Лучший английский ас - Джеймс Э. Джонсон
Шрифт:
Интервал:
Закладка:
И все это время радио не умолкает ни на мгновение. Крики, ругательства, вопли отчаяния, резкие приказы. Ты выбираешь противника. Пытаешься занять выгодную позицию. Сзади все чисто! Пули из твоих 8 пулеметов врезаются в брюхо вражеского самолета. Он начинает дымить. Но тут сверкающая трасса проносится над самой твоей кабиной, и ты бросаешь истребитель в крутой вираж. Теперь у тебя двое противников: «мессер» у тебя на хвосте, и второй, гораздо более беспощадный — ужасные перегрузки.

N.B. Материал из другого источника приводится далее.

(* Let $\epsilon>0$, let $q$ be a positive integer, and let $\Lambda_\epsilon$ be an $\epsilon$-lattice. There is a (randomized) function $Q_{\epsilon,q}:\mathbb{R}^d\to\{0,1\}^b$, with $b=d\log q$, mapping each $\mathbf{x}\in\mathbb{R}^d$ to a string $Q_{\epsilon,q}(\mathbf{x})$ which specifies a subset $\Lambda'_\epsilon\subset\Lambda_\epsilon$ with the following properties: there exists $\mathbf{z}\in\Lambda'_\epsilon$ such that $\mathbf{z}$ is an unbiased estimator of $\mathbf{x}$ (i.e. $\mathbb{E}[\mathbf{z}]=\mathbf{x}$) with $\|\mathbf{z}-\mathbf{x}\|<7\epsilon$, and for all $\mathbf{w}\in\Lambda'_\epsilon\setminus\{\mathbf{z}\}$, $\|\mathbf{z}-\mathbf{w}\|\ge 2q\epsilon$.
   Context: $\|\cdot\|$ is a fixed one of the $\ell_1,\ell_2,\ell_\infty$ norms. A lattice is the set of integer combinations of a basis of $\mathbb{R}^d$. Its packing radius $r_p$ is the supremum of $r$ such that balls of radius $r$ around distinct lattice points are disjoint; its cover radius $r_c$ is the infimum of $r$ such that balls of radius $r$ around lattice points cover $\mathbb{R}^d$. An $\epsilon$-lattice is a lattice with $\epsilon=r_p\le r_c\le3\epsilon$. *)

theory Defs
  imports "HOL-Analysis.Analysis" "HOL-Probability.Probability"
begin

text \<open>The fixed norm: one of l1, l2, l-infinity on real^'n (d = CARD('n)).\<close>
datatype normkind = L1 | L2 | Linf

fun nrm :: "normkind \<Rightarrow> real^'n \<Rightarrow> real" where
  "nrm L1 x = (\<Sum>i\<in>UNIV. \<bar>x $ i\<bar>)"
| "nrm L2 x = norm x"
| "nrm Linf x = Max (range (\<lambda>i. \<bar>x $ i\<bar>))"

definition is_lattice :: "(real^'n) set \<Rightarrow> bool" where
  "is_lattice L \<longleftrightarrow> (\<exists>B :: 'n \<Rightarrow> real^'n.
      inj B \<and> independent (range B) \<and> span (range B) = UNIV \<and>
      L = range (\<lambda>c :: 'n \<Rightarrow> int. \<Sum>i\<in>UNIV. real_of_int (c i) *\<^sub>R B i))"

definition packing_radius :: "normkind \<Rightarrow> (real^'n) set \<Rightarrow> real" where
  "packing_radius k L = Sup {r. \<forall>u\<in>L. \<forall>v\<in>L. u \<noteq> v \<longrightarrow>
      {y. nrm k (y - u) < r} \<inter> {y. nrm k (y - v) < r} = {}}"

definition cover_radius :: "normkind \<Rightarrow> (real^'n) set \<Rightarrow> real" where
  "cover_radius k L = Inf {r. (\<Union>u\<in>L. {y. nrm k (y - u) \<le> r}) = UNIV}"

definition eps_lattice :: "normkind \<Rightarrow> real \<Rightarrow> (real^'n) set \<Rightarrow> bool" where
  "eps_lattice k \<epsilon> L \<longleftrightarrow> is_lattice L \<and> packing_radius k L = \<epsilon> \<and>
      \<epsilon> \<le> cover_radius k L \<and> cover_radius k L \<le> 3 * \<epsilon>"

end

(* An epsilon-lattice has covering radius at most 3 epsilon < 7 epsilon / 2. If x were not in the convex
   hull of the lattice points within 7 epsilon of it, a hyperplane would separate them from x; stepping
   7 epsilon / 2 away from x across that hyperplane and taking a lattice point within covering distance
   gives a point within 7 epsilon on the wrong side. So x is a convex combination of nearby lattice
   points, and sampling z with these weights is unbiased. The string records the lattice coefficients of
   z modulo q, i.e. one of q^d classes; two lattice points in the same class differ by q times a nonzero
   lattice vector, and nonzero lattice vectors have length at least twice the packing radius. *)

theory Submission
  imports Defs
begin

locale equivalent_norm =
  fixes N :: "'a::euclidean_space \<Rightarrow> real"
  assumes scale: "N (c *\<^sub>R x) = \<bar>c\<bar> * N x"
    and triangle: "N (x + y) \<le> N x + N y"
    and le_norm: "\<exists>C>0. \<forall>x. N x \<le> C * norm x"
    and norm_le: "\<exists>C>0. \<forall>x. norm x \<le> C * N x"
begin

lemma zero [simp]: "N 0 = 0"
  using scale[of 0 0] by simp

lemma minus [simp]: "N (- x) = N x"
  using scale[of "-1" x] by simp

lemma minus_commute: "N (x - y) = N (y - x)"
  using minus[of "y - x"] by simp

lemma nonneg: "0 \<le> N x"
  using triangle[of x "-x"] scale[of "-1" x] by simp

lemma eq_0_iff: "N x = 0 \<longleftrightarrow> x = 0"
  using norm_le by (metis mult_zero_right norm_le_zero_iff zero)

lemma sum_le: "N (sum f A) \<le> (\<Sum>i\<in>A. N (f i))"
proof (induction A rule: infinite_finite_induct)
  case (insert i A)
  then show ?case
    using triangle[of "f i" "sum f A"] by simp
qed simp_all

lemma continuous: "continuous_on UNIV N"
proof -
  obtain C where "C > 0" and C: "\<And>x. N x \<le> C * norm x"
    using le_norm by blast
  have "dist (N x) (N y) \<le> C * dist x y" for x y
    using triangle[of "x - y" y] triangle[of "y - x" x] C[of "x - y"] C[of "y - x"]
    by (simp add: dist_real_def dist_norm norm_minus_commute)
  with \<open>C > 0\<close> have "C-lipschitz_on UNIV N"
    by (intro lipschitz_onI) auto
  then show ?thesis
    by (rule lipschitz_on_continuous_on)
qed

lemma compact_unit_ball: "compact {w. N w \<le> 1}"
proof -
  obtain C where "C > 0" and C: "\<And>x. norm x \<le> C * N x"
    using norm_le by blast
  have "norm w \<le> C" if "N w \<le> 1" for w
  proof -
    have "C * N w \<le> C * 1"
      using that \<open>C > 0\<close> by (intro mult_left_mono) auto
    then show ?thesis
      using C[of w] by linarith
  qed
  then have "bounded {w. N w \<le> 1}"
    unfolding bounded_iff by blast
  moreover have "closed {w. N w \<le> 1}"
    using continuous by (intro closed_Collect_le) auto
  ultimately show ?thesis
    by (simp add: compact_eq_bounded_closed)
qed
lemma divisor_pair_of_signed_subsum:
  assumes "s \<in> signed_subsums (image_mset (\<lambda>r. int (ind r)) T)" and "[s = 2 ^ (m - 1)] (mod 2 ^ m)"
  shows "\<exists>u v. u > 0 \<and> v > 0 \<and> u * v dvd n \<and> a dvd u + v"
proof -
  let ?h = "totient a div 2"
  let ?S = "\<lambda>C. sum_mset (image_mset (\<lambda>r. int (ind r)) C)"
  obtain A B where AB: "A + B \<subseteq># T" and s: "s = ?S A - ?S B"
    using assms(1) unfolding signed_subsums_image_mset by blast
  from assms(2) have "[s = int ?h] (mod 2 ^ m)"
    using half_totient_cong by (metis cong_sym cong_trans)
  then have "2 ^ m dvd s - int ?h" by (simp add: cong_iff_dvd_diff)
  then obtain q where q: "q \<in># prime_factorization n" "int q mod int a \<in> H"
      "[int (ind q) = s - int ?h] (mod int (totient a))"
    by (rule exists_factor_in_H_with_index)
  from q(1,2) have "{#q#} \<subseteq># filter_mset (\<lambda>r. int r mod int a \<in> H) (prime_factorization n)"
    by simp
  with AB have "A + B + {#q#} \<subseteq># T + filter_mset (\<lambda>r. int r mod int a \<in> H) (prime_factorization n)"
    by (rule subset_mset.add_mono)
  then have sub: "A + add_mset q B \<subseteq># prime_factorization n"
    using multiset_partition[of "prime_factorization n" "\<lambda>r. int r mod int a \<notin> H"] by simp
  define u where "u = prod_mset A"
  define v where "v = prod_mset (add_mset q B)"
  have subA: "A \<subseteq># prime_factorization n" and subB: "add_mset q B \<subseteq># prime_factorization n"
    using sub by (meson mset_subset_eq_add_left mset_subset_eq_add_right subset_mset.order_trans)+
  have "u > 0" "v > 0"
    unfolding u_def v_def by (fact prod_factors_pos[OF subA], fact prod_factors_pos[OF subB])
  have "u * v dvd n"
    using prod_mset_subset_imp_dvd[OF sub] n_pos by (simp add: u_def v_def ac_simps)
  have "int (totient a) dvd int (sum_mset (image_mset ind A)) -
      (int (sum_mset (image_mset ind (add_mset q B))) + int ?h)"
    using q(3) s by (simp add: cong_iff_dvd_diff dvd_diff_commute algebra_simps multiset.map_comp o_def)
  then have "a dvd u + v"
    using primroot_dvd_add_iff[OF primroot primroot_half prod_factors_cong[OF subA]
        prod_factors_cong[OF subB]]
    unfolding u_def v_def by (simp add: cong_iff_dvd_diff multiset.map_comp o_def)
  with \<open>u > 0\<close> \<open>v > 0\<close> \<open>u * v dvd n\<close> show ?thesis by blast
qed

Через плечо ты видишь угловатый рубленый силуэт немецкого истребителя и рвешь ручку на себя еще сильнее. «Спитфайр» недовольно упирается и буквально трещит по всем швам. Тебя с силой вдавливает в кресло, в глазах темнеет, и ты перестаешь различать окружающее. Но ты терпишь, так как на кону твоя собственная жизнь. Кровь превращается в нечто свинцовое и стекает к ногам. Ты отключаешься! Когда самолет выходит из виража, перед глазами плавает какой-то серый нереальный мир. Ты начинаешь осторожно набирать высоту. За это время ты провалился довольно низко, и твой противник куда-то пропал. Теперь ты остался совершенно один на своем кусочке бескрайнего неба. Вверху прозрачная голубизна, а внизу — разноцветный пестрый ковер.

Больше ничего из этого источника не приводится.